(* Let $\mathcal{M}$ be a Ptolemy Möbius structure on a set $X$. Then there exists a bounded metric $d\in\mathcal{M}$, i.e. $d\in\mathcal{M}$ with $\Omega(d)=\emptyset$ and $\sup_{x,y\in X}d(x,y)<\infty$.
   Context: An extended metric on a set $X$ (with at least two points) is a map $d:X\times X\to[0,\infty]$ such that for some subset $\Omega(d)\subset X$ with at most one element, $d$ is a finite metric on $X\setminus\Omega(d)$, $d(x,\omega)=\infty$ for $x\notin\Omega(d)$, $\omega\in\Omega(d)$, and $d(\omega,\omega)=0$ ($\omega$ is written $\infty$). A quadruple is admissible if no entry occurs three or four times. $\mathrm{crt}(x,y,z,w)=(d(x,y)d(z,w):d(x,z)d(y,w):d(x,w)d(y,z))\in\mathbb{R}P^2$, with $\mathrm{crt}(x,y,z,\infty)=(d(x,y):d(x,z):d(y,z))$ and $\mathrm{crt}(x,y,\infty,\infty)=(0:1:1)$ (analogously for other positions). Extended metrics are Möbius equivalent if they have the same $\mathrm{crt}$ on all admissible quadruples; a Möbius structure is a nonempty, maximal set of pairwise Möbius equivalent extended metrics on $X$. A Möbius structure is Ptolemy if its metrics satisfy $d(x,y)d(z,w)\le d(x,z)d(y,w)+d(x,w)d(y,z)$ for all quadruples (equivalently the entries of every $\mathrm{crt}$ satisfy the triangle inequality). *)

theory Defs
  imports "HOL-Analysis.Analysis"
begin

text \<open>The set X is the whole type 'a (assumed to have at least two points).
  Distances take values in [0,\<infinity>], modelled in ereal.\<close>

definition ext_metric_with :: "('a \<Rightarrow> 'a \<Rightarrow> ereal) \<Rightarrow> 'a set \<Rightarrow> bool" where
  "ext_metric_with d \<Omega> \<longleftrightarrow>
     (\<Omega> = {} \<or> (\<exists>\<omega>. \<Omega> = {\<omega>})) \<and>
     (\<forall>x y. x \<notin> \<Omega> \<longrightarrow> y \<notin> \<Omega> \<longrightarrow>
        0 \<le> d x y \<and> d x y < \<infinity> \<and> (d x y = 0 \<longleftrightarrow> x = y) \<and> d x y = d y x) \<and>
     (\<forall>x y z. x \<notin> \<Omega> \<longrightarrow> y \<notin> \<Omega> \<longrightarrow> z \<notin> \<Omega> \<longrightarrow> d x z \<le> d x y + d y z) \<and>
     (\<forall>x \<omega>. x \<notin> \<Omega> \<longrightarrow> \<omega> \<in> \<Omega> \<longrightarrow> d x \<omega> = \<infinity> \<and> d \<omega> x = \<infinity>) \<and>
     (\<forall>\<omega>\<in>\<Omega>. d \<omega> \<omega> = 0)"

definition extended_metric :: "('a \<Rightarrow> 'a \<Rightarrow> ereal) \<Rightarrow> bool" where
  "extended_metric d \<longleftrightarrow> (\<exists>\<Omega>. ext_metric_with d \<Omega>)"

definition Omega :: "('a \<Rightarrow> 'a \<Rightarrow> ereal) \<Rightarrow> 'a set" where
  "Omega d = (THE \<Omega>. ext_metric_with d \<Omega>)"

text \<open>Distance used in cross ratios: factors involving the infinite point are
  cancelled (replaced by 1), and d(\<infinity>,\<infinity>)=0; this reproduces
  crt(x,y,z,\<infinity>) = (d(x,y):d(x,z):d(y,z)) and crt(x,y,\<infinity>,\<infinity>) = (0:1:1), etc.\<close>
definition crt_dist :: "('a \<Rightarrow> 'a \<Rightarrow> ereal) \<Rightarrow> 'a \<Rightarrow> 'a \<Rightarrow> real" where
  "crt_dist d x y =
     (if x = y then 0 else if x \<in> Omega d \<or> y \<in> Omega d then 1 else real_of_ereal (d x y))"

definition crt :: "('a \<Rightarrow> 'a \<Rightarrow> ereal) \<Rightarrow> 'a \<Rightarrow> 'a \<Rightarrow> 'a \<Rightarrow> 'a \<Rightarrow> real \<times> real \<times> real" where
  "crt d x y z w =
     (crt_dist d x y * crt_dist d z w, crt_dist d x z * crt_dist d y w,
      crt_dist d x w * crt_dist d y z)"

definition proj_eq :: "real \<times> real \<times> real \<Rightarrow> real \<times> real \<times> real \<Rightarrow> bool" where
  "proj_eq p q \<longleftrightarrow> p \<noteq> (0,0,0) \<and> q \<noteq> (0,0,0) \<and>
     (\<exists>t. t \<noteq> 0 \<and> fst q = t * fst p \<and> fst (snd q) = t * fst (snd p) \<and>
          snd (snd q) = t * snd (snd p))"

definition admissible :: "'a \<Rightarrow> 'a \<Rightarrow> 'a \<Rightarrow> 'a \<Rightarrow> bool" where
  "admissible x y z w \<longleftrightarrow>
     \<not> (x = y \<and> y = z) \<and> \<not> (x = y \<and> y = w) \<and> \<not> (x = z \<and> z = w) \<and> \<not> (y = z \<and> z = w)"

definition mobius_equiv :: "('a \<Rightarrow> 'a \<Rightarrow> ereal) \<Rightarrow> ('a \<Rightarrow> 'a \<Rightarrow> ereal) \<Rightarrow> bool" where
  "mobius_equiv d d' \<longleftrightarrow>
     (\<forall>x y z w. admissible x y z w \<longrightarrow> proj_eq (crt d x y z w) (crt d' x y z w))"

definition mobius_structure :: "('a \<Rightarrow> 'a \<Rightarrow> ereal) set \<Rightarrow> bool" where
  "mobius_structure M \<longleftrightarrow>
     M \<noteq> {} \<and> (\<forall>d\<in>M. extended_metric d) \<and>
     (\<forall>d\<in>M. \<forall>d'\<in>M. mobius_equiv d d') \<and>
     (\<forall>d. extended_metric d \<and> (\<forall>d'\<in>M. mobius_equiv d d') \<longrightarrow> d \<in> M)"

definition ptolemy_mobius_structure :: "('a \<Rightarrow> 'a \<Rightarrow> ereal) set \<Rightarrow> bool" where
  "ptolemy_mobius_structure M \<longleftrightarrow>
     mobius_structure M \<and>
     (\<forall>d\<in>M. \<forall>x y z w. admissible x y z w \<longrightarrow>
        (case crt d x y z w of (a, b, c) \<Rightarrow> a \<le> b + c \<and> b \<le> a + c \<and> c \<le> a + b))"

end

theory Submission
  imports Defs
begin

text \<open>Pick any metric d of the structure and put D = crt_dist d, so D is a finite semi-metric
  satisfying the Ptolemy inequality. Fixing two points u \<noteq> v and the weight
  f y = D(y,u) + D(y,v) > 0, the rescaled function D(x,y) / (f x f y) is a metric: its triangle
  inequality is the sum of the Ptolemy inequalities for (x,z,y,u) and (x,z,y,v). The Ptolemy
  inequality for (x,y,u,v) bounds it by 1 / D(u,v). Rescaling each point by a nonzero factor
  multiplies every cross ratio by a nonzero constant, so the new metric is Moebius equivalent
  to d and lies in the structure by maximality.\<close>

lemma ext_metric_with_sym:
  assumes "ext_metric_with d \<Omega>"
  shows "d x y = d y x"
  using assms unfolding ext_metric_with_def by (cases "x \<in> \<Omega>"; cases "y \<in> \<Omega>") auto

lemma ext_metric_with_nonneg:
  assumes "ext_metric_with d \<Omega>"
  shows "0 \<le> d x y"
  using assms unfolding ext_metric_with_def by (cases "x \<in> \<Omega>"; cases "y \<in> \<Omega>") auto

lemma Omega_eq_empty:
  fixes d :: "'a \<Rightarrow> 'a \<Rightarrow> ereal" and x y :: 'a
  assumes "ext_metric_with d {}" and "x \<noteq> y"
  shows "Omega d = {}"
  unfolding Omega_def
proof (rule the_equality)
  fix \<Omega> assume \<Omega>: "ext_metric_with d \<Omega>"
  show "\<Omega> = {}"
  proof (rule ccontr)
    assume "\<Omega> \<noteq> {}"
    moreover have "\<Omega> = {} \<or> (\<exists>\<omega>. \<Omega> = {\<omega>})"
      using \<Omega> unfolding ext_metric_with_def by (rule conjunct1)
    ultimately obtain \<omega> where \<omega>: "\<Omega> = {\<omega>}" by blast
    obtain z where "z \<noteq> \<omega>" using assms(2) by (cases "x = \<omega>") (auto simp: eq_commute)
    then have "d z \<omega> = \<infinity>" using \<Omega> \<omega> unfolding ext_metric_with_def by blast
    then show False using assms(1) unfolding ext_metric_with_def by auto
  qed
qed (rule assms(1))

lemma crt_dist_sym:
  assumes "extended_metric d"
  shows "crt_dist d x y = crt_dist d y x"
  using assms ext_metric_with_sym[of d _ x y]
  unfolding extended_metric_def crt_dist_def by auto

lemma crt_dist_nonneg:
  assumes "extended_metric d"
  shows "0 \<le> crt_dist d x y"
  using assms ext_metric_with_nonneg[of d _ x y]
  unfolding extended_metric_def crt_dist_def by (auto simp: real_of_ereal_pos)

lemma proj_eq_scale_left:
  assumes "proj_eq (a, b, c) q" and "k \<noteq> 0"
  shows "proj_eq (k * a, k * b, k * c) q"
proof -
  obtain t where "t \<noteq> 0" "fst q = t * a" "fst (snd q) = t * b" "snd (snd q) = t * c"
    using assms(1) unfolding proj_eq_def by auto
  then show ?thesis
    using assms unfolding proj_eq_def by (intro conjI exI[of _ "t / k"]) auto
qed

lemma mobius_equiv_conformal_change:
  assumes conformal: "\<And>x y. crt_dist d' x y = g x * g y * crt_dist d x y"
    and g: "\<And>x. g x \<noteq> 0"
    and "mobius_equiv d d''"
  shows "mobius_equiv d' d''"
  unfolding mobius_equiv_def
proof (intro allI impI)
  fix x y z w :: 'a
  assume "admissible x y z w"
  then have "proj_eq (crt d x y z w) (crt d'' x y z w)"
    using assms(3) unfolding mobius_equiv_def by blast
  then have "proj_eq (let k = g x * g y * g z * g w in
      (k * (crt_dist d x y * crt_dist d z w), k * (crt_dist d x z * crt_dist d y w),
       k * (crt_dist d x w * crt_dist d y z))) (crt d'' x y z w)"
    unfolding Let_def crt_def by (rule proj_eq_scale_left) (simp add: g)
  then show "proj_eq (crt d' x y z w) (crt d'' x y z w)"
    by (simp add: crt_def conformal ac_simps)
qed

lemma mobius_structure_conformal_change:
  assumes "mobius_structure M" and "d \<in> M" and "extended_metric d'"
    and "\<And>x y. crt_dist d' x y = g x * g y * crt_dist d x y" and "\<And>x. g x \<noteq> 0"
  shows "d' \<in> M"
  using assms mobius_equiv_conformal_change[of d' g d]
  unfolding mobius_structure_def by blast

locale ptolemy_semimetric =
  fixes D :: "'a \<Rightarrow> 'a \<Rightarrow> real"
  assumes zero [simp]: "D x x = 0"
    and pos: "x \<noteq> y \<Longrightarrow> 0 < D x y"
    and sym: "D x y = D y x"
    and ptolemy: "admissible x y z w \<Longrightarrow> D x y * D z w \<le> D x z * D y w + D x w * D y z"
begin

lemma nonneg: "0 \<le> D x y"
  using pos[of x y] by (cases "x = y") auto

lemma ptolemy_three_points: "D x z * D y u \<le> D x y * D z u + D y z * D x u"
proof (cases "x = z \<or> x = y \<or> y = z")
  case True
  then show ?thesis
    using nonneg[of x y] nonneg[of y z] nonneg[of z u] nonneg[of x u] by (auto simp: sym)
next
  case False
  then have "admissible x z y u" by (auto simp: admissible_def)
  from ptolemy[OF this] show ?thesis by (simp add: sym mult.commute)
qed

definition weight :: "'a \<Rightarrow> 'a \<Rightarrow> 'a \<Rightarrow> real" where
  "weight u v y = D y u + D y v"

definition rescaled :: "'a \<Rightarrow> 'a \<Rightarrow> 'a \<Rightarrow> 'a \<Rightarrow> real" where
  "rescaled u v x y = D x y / (weight u v x * weight u v y)"

context
  fixes u v :: 'a
  assumes uv: "u \<noteq> v"
begin

lemma weight_pos: "0 < weight u v y"
  using uv pos[of y u] pos[of y v] nonneg[of y u] nonneg[of y v]
  unfolding weight_def by (cases "y = u") auto

lemma rescaled_nonneg: "0 \<le> rescaled u v x y"
  unfolding rescaled_def using nonneg[of x y] weight_pos[of x] weight_pos[of y] by simp

lemma rescaled_eq_0_iff: "rescaled u v x y = 0 \<longleftrightarrow> x = y"
  unfolding rescaled_def using pos[of x y] weight_pos[of x] weight_pos[of y]
  by (cases "x = y") auto

lemma rescaled_sym: "rescaled u v x y = rescaled u v y x"
  unfolding rescaled_def by (simp add: sym mult.commute)

lemma rescaled_triangle: "rescaled u v x z \<le> rescaled u v x y + rescaled u v y z"
proof -
  have "D x z * weight u v y \<le> D x y * weight u v z + D y z * weight u v x"
    using ptolemy_three_points[of x z y u] ptolemy_three_points[of x z y v]
    by (simp add: weight_def algebra_simps)
  then have "D x z * weight u v y / (weight u v x * weight u v y * weight u v z)
      \<le> (D x y * weight u v z + D y z * weight u v x)
          / (weight u v x * weight u v y * weight u v z)"
    using weight_pos[of x] weight_pos[of y] weight_pos[of z] by (intro divide_right_mono) auto
  then show ?thesis
    using weight_pos[of x] weight_pos[of y] weight_pos[of z]
    by (simp add: rescaled_def field_simps)
qed

lemma rescaled_le: "rescaled u v x y \<le> 1 / D u v"
proof (cases "x = y")
  case True
  then show ?thesis using pos[OF uv] by (simp add: rescaled_def)
next
  case False
  then have "admissible x y u v" using uv by (auto simp: admissible_def)
  then have "D x y * D u v \<le> D x u * D y v + D x v * D y u" by (rule ptolemy)
  also have "\<dots> \<le> weight u v x * weight u v y"
    using nonneg[of x u] nonneg[of y v] nonneg[of x v] nonneg[of y u]
    by (simp add: weight_def algebra_simps)
  finally show ?thesis
    using weight_pos[of x] weight_pos[of y] pos[OF uv] by (simp add: rescaled_def field_simps)
qed

lemma ext_metric_with_rescaled: "ext_metric_with (\<lambda>x y. ereal (rescaled u v x y)) {}"
  unfolding ext_metric_with_def
  using rescaled_nonneg rescaled_eq_0_iff by (auto intro: rescaled_sym rescaled_triangle)

end

end

lemma ptolemy_semimetric_crt_dist:
  assumes "ptolemy_mobius_structure M" and "d \<in> M"
  shows "ptolemy_semimetric (crt_dist d)"
proof
  have "mobius_structure M" using assms(1) unfolding ptolemy_mobius_structure_def by blast
  then have d: "extended_metric d" "mobius_equiv d d"
    using assms(2) unfolding mobius_structure_def by blast+
  show zero: "crt_dist d x x = 0" for x by (simp add: crt_dist_def)
  show "crt_dist d x y = crt_dist d y x" for x y by (rule crt_dist_sym[OF d(1)])
  show "admissible x y z w \<Longrightarrow> crt_dist d x y * crt_dist d z w
      \<le> crt_dist d x z * crt_dist d y w + crt_dist d x w * crt_dist d y z" for x y z w
    using assms unfolding ptolemy_mobius_structure_def crt_def by auto
  show "0 < crt_dist d x y" if "x \<noteq> y" for x y
  proof -
    have "admissible x y x y" using that by (auto simp: admissible_def)
    \<comment> \<open>the cross ratio of (x,y,x,y) is (D(x,y)^2 : 0 : D(x,y)^2), which must be a point of RP^2\<close>
    then have "crt d x y x y \<noteq> (0, 0, 0)"
      using d(2) unfolding mobius_equiv_def proj_eq_def by blast
    then have "crt_dist d x y \<noteq> 0" by (auto simp: crt_def zero)
    then show ?thesis using crt_dist_nonneg[OF d(1), of x y] by simp
  qed
qed

theorem lemma2p3:
  fixes M :: "('a \<Rightarrow> 'a \<Rightarrow> ereal) set"
  assumes "\<exists>x y :: 'a. x \<noteq> y"
    and "ptolemy_mobius_structure M"
  shows "\<exists>d\<in>M. Omega d = {} \<and> (SUP p\<in>UNIV. d (fst p) (snd p)) < \<infinity>"
proof -
  have M: "mobius_structure M" using assms(2) unfolding ptolemy_mobius_structure_def by blast
  then obtain d where "d \<in> M" unfolding mobius_structure_def by blast
  interpret D: ptolemy_semimetric "crt_dist d"
    using ptolemy_semimetric_crt_dist[OF assms(2) \<open>d \<in> M\<close>] .
  obtain u v :: 'a where uv: "u \<noteq> v" using assms(1) by blast
  define d' where "d' x y = ereal (D.rescaled u v x y)" for x y
  have d': "ext_metric_with d' {}"
    unfolding d'_def using D.ext_metric_with_rescaled[OF uv] by simp
  have Omega: "Omega d' = {}" using Omega_eq_empty[OF d' uv] .
  have "d' \<in> M"
  proof (rule mobius_structure_conformal_change[OF M \<open>d \<in> M\<close>])
    show "extended_metric d'" using d' unfolding extended_metric_def by blast
    show "crt_dist d' x y = inverse (D.weight u v x) * inverse (D.weight u v y) * crt_dist d x y"
      for x y by (simp add: crt_dist_def Omega d'_def D.rescaled_def field_simps)
    show "inverse (D.weight u v x) \<noteq> 0" for x using D.weight_pos[OF uv, of x] by simp
  qed
  moreover have "(SUP p\<in>UNIV. d' (fst p) (snd p)) \<le> ereal (1 / crt_dist d u v)"
    by (rule SUP_least) (simp add: d'_def D.rescaled_le[OF uv])
  ultimately show ?thesis using Omega by (auto intro: le_less_trans)
qed

end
^^^^
INSTRUCTIONS FOR THE TASK – From the entries above, write out only the lines starting at the line that holds "using weight_pos[of x] weight_pos[of y] weight_pos[of z] by" and ending at the line that holds "v x y \<le>", keeping both and matching them exactly.

TASK ANSWER –
    using weight_pos[of x] weight_pos[of y] weight_pos[of z] by (intro divide_right_mono) auto
  then show ?thesis
    using weight_pos[of x] weight_pos[of y] weight_pos[of z]
    by (simp add: rescaled_def field_simps)
qed

lemma rescaled_le: "rescaled u v x y \<le> 1 / D u v"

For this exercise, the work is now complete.